From the data below, repeat exactly the lines from the line with "(shift_diff c ^^ j) (X 0) t" to the line with "Suc.prems unfolding \<sigma>_def by simp", both included.

++++++++

lemma shift_diff_pow_jordan_block_trajectory:
  fixes c :: real and B :: "real mat"
  assumes B: "B \<in> carrier_mat n m" and x: "\<forall>t. x t \<in> carrier_vec n"
    and dyn: "\<forall>t. x (Suc t) = jordan_block n c *\<^sub>v x t + B *\<^sub>v u t"
  defines "X \<equiv> \<lambda>k t. if k < n then x t $ k else 0"
  shows "j \<le> n \<Longrightarrow>
    (shift_diff c ^^ j) (X 0) t = X j t + (\<Sum>l<j. (shift_diff c ^^ (j - Suc l)) (\<lambda>t. (B *\<^sub>v u t) $ l) t)"
proof (induction j arbitrary: t)
  case (Suc j)
  define \<sigma> where "\<sigma> l = (\<lambda>t. (B *\<^sub>v u t) $ l)" for l
  have X_step: "shift_diff c (X j) t = X (Suc j) t + \<sigma> j t"
  proof -
    have "x (Suc t) $ j = c * x t $ j + (if Suc j < n then x t $ Suc j else 0) + \<sigma> j t"
      using jordan_block_mult_vec_index[of "x t" n j c] x dyn B Suc.prems unfolding \<sigma>_def by simp
    then show ?thesis unfolding shift_diff_def X_def using Suc.prems by simp
  qed
  have "(shift_diff c ^^ j) (X 0) = (\<lambda>t. X j t + (\<Sum>l<j. (shift_diff c ^^ (j - Suc l)) (\<sigma> l) t))"
    using Suc unfolding \<sigma>_def by fastforce
  then have "(shift_diff c ^^ Suc j) (X 0) t
      = shift_diff c (X j) t + (\<Sum>l<j. shift_diff c ((shift_diff c ^^ (j - Suc l)) (\<sigma> l)) t)"
    by (simp add: shift_diff_add_sum)
  also have "(\<Sum>l<j. shift_diff c ((shift_diff c ^^ (j - Suc l)) (\<sigma> l)) t)
      = (\<Sum>l<j. (shift_diff c ^^ (Suc j - Suc l)) (\<sigma> l) t)"
  proof (rule sum.cong[OF refl])
    fix l assume "l \<in> {..<j}"
    then have "Suc j - Suc l = Suc (j - Suc l)" by simp
    then show "shift_diff c ((shift_diff c ^^ (j - Suc l)) (\<sigma> l)) t
        = (shift_diff c ^^ (Suc j - Suc l)) (\<sigma> l) t" by simp
  qed
  finally show ?case using X_step unfolding \<sigma>_def by simp
qed simp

++++++++

== Exercise result ==
    (shift_diff c ^^ j) (X 0) t = X j t + (\<Sum>l<j. (shift_diff c ^^ (j - Suc l)) (\<lambda>t. (B *\<^sub>v u t) $ l) t)"
proof (induction j arbitrary: t)
  case (Suc j)
  define \<sigma> where "\<sigma> l = (\<lambda>t. (B *\<^sub>v u t) $ l)" for l
  have X_step: "shift_diff c (X j) t = X (Suc j) t + \<sigma> j t"
  proof -
    have "x (Suc t) $ j = c * x t $ j + (if Suc j < n then x t $ Suc j else 0) + \<sigma> j t"
      using jordan_block_mult_vec_index[of "x t" n j c] x dyn B Suc.prems unfolding \<sigma>_def by simp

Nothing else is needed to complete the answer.